### What to work on
Scan the data below for lines holding the word "unfolding", and copy each line found.
[Opening Extracted material section]
(* Fix $\beta=(\beta_1,\beta_2)\in\mathbb{R}^2$ with $\beta_1>\beta_2$. Let $P_\sigma:=\{(S_1,S_2)\in\mathbb{R}^2: S_1+S_2\le 1\}$, $I:=1-S_1-S_2$, $\mathcal{P}:=\{(X,I)\in\mathbb{R}^2: I\ge 0\}$, and $\varphi_\beta:P_\sigma\to\mathcal{P}$, $\varphi_\beta(S_1,S_2)=(\beta_1S_1+\beta_2S_2,\;1-S_1-S_2)$. For smooth functions $\Omega_1,\Omega_2:P_\sigma\to\mathbb{R}$ and reals $\gamma_1,\gamma_2$ with $\gamma_1+\gamma_2=1$, let $F_{(\Omega,\gamma)}$ be the vector field on $P_\sigma$ given by $$\dot S_1=-\beta_1S_1I-\Omega_1S_1+\Omega_2S_2+\gamma_1 I,\qquad \dot S_2=-\beta_2S_2I+\Omega_1S_1-\Omega_2S_2+\gamma_2 I .$$ For $f\in C^\infty(\mathcal{P})$ let $V_f:=f\,\partial_X+(X-1)I\,\partial_I$ (i.e. the system $\dot X=f(X,I)$, $\dot I=(X-1)I$). Then: (i) For every such $(\Omega,\gamma)$ one has $(\varphi_\beta)_*F_{(\Omega,\gamma)}=V_f$, where $$f(X,I)=\lambda I+(1-I)P(X,I)+XQ(X,I),\quad \lambda=\beta_1\gamma_1+\beta_2\gamma_2,$$ $$P=(\beta_1\Omega_2+\beta_2\Omega_1+\beta_1\beta_2 I)\circ\varphi_\beta^{-1},\qquad Q=-(\Omega_1+\Omega_2+(\beta_1+\beta_2)I)\circ\varphi_\beta^{-1}.$$ (ii) The assignment $F_{(\Omega,\gamma)}\mapsto f$ is a bijection from the set of all vector fields $F_{(\Omega,\gamma)}$ (for this fixed $\beta$, all smooth $\Omega_1,\Omega_2$ and all $\gamma_1+\gamma_2=1$) onto $C^\infty(\mathcal{P})$. (iii) For every $f\in C^\infty(\mathcal{P})$ put $\lambda_f:=f(0,1)$, $Q_f(X,I):=(f(X,I)-f(0,I))/X$, $P_f(I):=(f(0,I)-f(0,1)I)/(1-I)$ (smoothly extended to $X=0$, resp. $I=1$). Then there is exactly one pair $(\Omega,\gamma)$ with $\gamma_1+\gamma_2=1$ such that $(\beta_1\Omega_2+\beta_2\Omega_1+\beta_1\beta_2I)\circ\varphi_\beta^{-1}$ does not depend on $X$ and $(\varphi_\beta)_*F_{(\Omega,\gamma)}=V_f$; it is given by $$\Omega_1=\frac{P_f+\beta_1Q_f+\beta_1^2I}{\beta_2-\beta_1}\circ\varphi_\beta,\quad \Omega_2=\frac{P_f+\beta_2Q_f+\beta_2^2I}{\beta_1-\beta_2}\circ\varphi_\beta,\quad \gamma_1=\frac{\lambda_f-\beta_2}{\beta_1-\beta_2},\ \gamma_2=\frac{\beta_1-\lambda_f}{\beta_1-\beta_2}.$$
   Context: $(\varphi_\beta)_*F$ denotes the push-forward $D\varphi_\beta\circ F\circ\varphi_\beta^{-1}$ of a vector field $F$. The system $F_{(\Omega,\gamma)}$ is the "SSISS model" (two susceptible compartments $S_1,S_2$, one infectious compartment $I$, recovery rate normalized to $1$), and $X=\beta_1S_1+\beta_2S_2$ is the replacement number; the system $V_f$ is called a replacement number dynamics (RND). *)

theory Defs
  imports "HOL-Analysis.Analysis"
begin

text \<open>C-infinity on an open set: all iterated partial derivatives (indexed by lists of
  basis vectors) exist; D l is the partial derivative along the directions in l.\<close>
definition smooth_open :: "'a::euclidean_space set \<Rightarrow> ('a \<Rightarrow> real) \<Rightarrow> bool" where
  "smooth_open U f \<longleftrightarrow> (\<exists>D :: 'a list \<Rightarrow> 'a \<Rightarrow> real.
      (\<forall>x\<in>U. D [] x = f x) \<and>
      (\<forall>l. \<forall>x\<in>U. (D l has_derivative (\<lambda>h. \<Sum>b\<in>Basis. (h \<bullet> b) * D (b # l) x)) (at x)))"

definition smooth_on :: "'a::euclidean_space set \<Rightarrow> ('a \<Rightarrow> real) \<Rightarrow> bool" where
  "smooth_on S f \<longleftrightarrow> (\<exists>U g. open U \<and> S \<subseteq> U \<and> smooth_open U g \<and> (\<forall>x\<in>S. g x = f x))"

definition Psig :: "(real \<times> real) set" where
  "Psig = {(S1, S2). S1 + S2 \<le> 1}"

definition Pcal :: "(real \<times> real) set" where
  "Pcal = {(X, I). I \<ge> 0}"

definition Ifun :: "real \<times> real \<Rightarrow> real" where
  "Ifun S = 1 - fst S - snd S"

definition phi :: "real \<Rightarrow> real \<Rightarrow> real \<times> real \<Rightarrow> real \<times> real" where
  "phi b1 b2 S = (b1 * fst S + b2 * snd S, 1 - fst S - snd S)"

definition phi_inv :: "real \<Rightarrow> real \<Rightarrow> real \<times> real \<Rightarrow> real \<times> real" where
  "phi_inv b1 b2 = inv_into Psig (phi b1 b2)"

definition pushforward ::
  "('a::real_normed_vector \<Rightarrow> 'b::real_normed_vector) \<Rightarrow> ('b \<Rightarrow> 'a) \<Rightarrow> ('a \<Rightarrow> 'a) \<Rightarrow> 'b \<Rightarrow> 'b" where
  "pushforward ph ps F y = frechet_derivative ph (at (ps y)) (F (ps y))"

definition Fvf :: "real \<Rightarrow> real \<Rightarrow> (real \<times> real \<Rightarrow> real) \<Rightarrow> (real \<times> real \<Rightarrow> real)
    \<Rightarrow> real \<Rightarrow> real \<Rightarrow> real \<times> real \<Rightarrow> real \<times> real" where
  "Fvf b1 b2 Om1 Om2 g1 g2 S =
     (let S1 = fst S; S2 = snd S; I = 1 - S1 - S2 in
      (- b1 * S1 * I - Om1 S * S1 + Om2 S * S2 + g1 * I,
       - b2 * S2 * I + Om1 S * S1 - Om2 S * S2 + g2 * I))"

definition Vf :: "(real \<times> real \<Rightarrow> real) \<Rightarrow> real \<times> real \<Rightarrow> real \<times> real" where
  "Vf f y = (f y, (fst y - 1) * snd y)"

definition admissible :: "(real \<times> real \<Rightarrow> real) \<Rightarrow> (real \<times> real \<Rightarrow> real) \<Rightarrow> real \<Rightarrow> real \<Rightarrow> bool" where
  "admissible Om1 Om2 g1 g2 \<longleftrightarrow> smooth_on Psig Om1 \<and> smooth_on Psig Om2 \<and> g1 + g2 = 1"

definition Pfun :: "real \<Rightarrow> real \<Rightarrow> (real \<times> real \<Rightarrow> real) \<Rightarrow> (real \<times> real \<Rightarrow> real) \<Rightarrow> real \<times> real \<Rightarrow> real" where
  "Pfun b1 b2 Om1 Om2 = (\<lambda>S. b1 * Om2 S + b2 * Om1 S + b1 * b2 * Ifun S) \<circ> phi_inv b1 b2"

definition Qfun :: "real \<Rightarrow> real \<Rightarrow> (real \<times> real \<Rightarrow> real) \<Rightarrow> (real \<times> real \<Rightarrow> real) \<Rightarrow> real \<times> real \<Rightarrow> real" where
  "Qfun b1 b2 Om1 Om2 = (\<lambda>S. - (Om1 S + Om2 S + (b1 + b2) * Ifun S)) \<circ> phi_inv b1 b2"

definition fmap :: "real \<Rightarrow> real \<Rightarrow> (real \<times> real \<Rightarrow> real) \<Rightarrow> (real \<times> real \<Rightarrow> real)
    \<Rightarrow> real \<Rightarrow> real \<Rightarrow> real \<times> real \<Rightarrow> real" where
  "fmap b1 b2 Om1 Om2 g1 g2 y =
     (b1 * g1 + b2 * g2) * snd y + (1 - snd y) * Pfun b1 b2 Om1 Om2 y + fst y * Qfun b1 b2 Om1 Om2 y"

end

theory Submission
  imports Defs
begin

text \<open>Since phi is an affine isomorphism with explicit inverse psi, the push-forward of F is
  (b1 F1 + b2 F2, - F1 - F2). Because gamma1 + gamma2 = 1, the second component is always
  (X - 1) I, and regrouping the first one gives f = lambda I + (1 - I) P + X Q. Since b1 differs
  from b2, (F1, F2) is recovered from (b1 F1 + b2 F2, F1 + F2), which gives injectivity.
  Conversely, every smooth f can be written as f = f(0,1) I + (1 - I) P_f(I) + X Q_f(X, I), where
  Hadamard's lemma (a difference quotient is an average of a derivative) makes P_f and Q_f smooth.
  The map from (Omega, gamma) to (P, Q, lambda) is an invertible linear system, so solving it gives
  the unique preimage whose P does not depend on X. Such a decomposition is unique: off the lines
  I = 1 and X = 0 the parts P and Q are quotients, and continuity extends this to the lines.\<close>

section \<open>Smooth functions\<close>

definition has_partials :: "'a::euclidean_space set \<Rightarrow> ('a \<Rightarrow> real) \<Rightarrow> ('a \<Rightarrow> 'a \<Rightarrow> real) \<Rightarrow> bool" where
  "has_partials U f G \<longleftrightarrow> (\<forall>x\<in>U. (f has_derivative (\<lambda>h. \<Sum>b\<in>Basis. (h \<bullet> b) * G b x)) (at x))"

lemma smooth_open_partials:
  assumes "open U" "smooth_open U f"
  obtains G where "\<And>b. smooth_open U (G b)" "has_partials U f G"
proof -
  obtain D where D0: "\<forall>x\<in>U. D [] x = f x"
    and D: "\<forall>l. \<forall>x\<in>U. (D l has_derivative (\<lambda>h. \<Sum>b\<in>Basis. (h \<bullet> b) * D (b # l) x)) (at x)"
    using assms(2) unfolding smooth_open_def by blast
  have "smooth_open U (D [b])" for b
    unfolding smooth_open_def using D by (intro exI[of _ "\<lambda>l. D (l @ [b])"]) auto
  moreover have "has_partials U f (\<lambda>b. D [b])"
    unfolding has_partials_def
    using D D0 by (auto intro: has_derivative_transform_within_open[where s = U, OF _ assms(1)])
  ultimately show thesis by (rule that)
qed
[Closing Extracted material section]
### Your solution
    using assms(2) unfolding smooth_open_def by blast
    unfolding smooth_open_def using D by (intro exI[of _ "\<lambda>l. D (l @ [b])"]) auto
    unfolding has_partials_def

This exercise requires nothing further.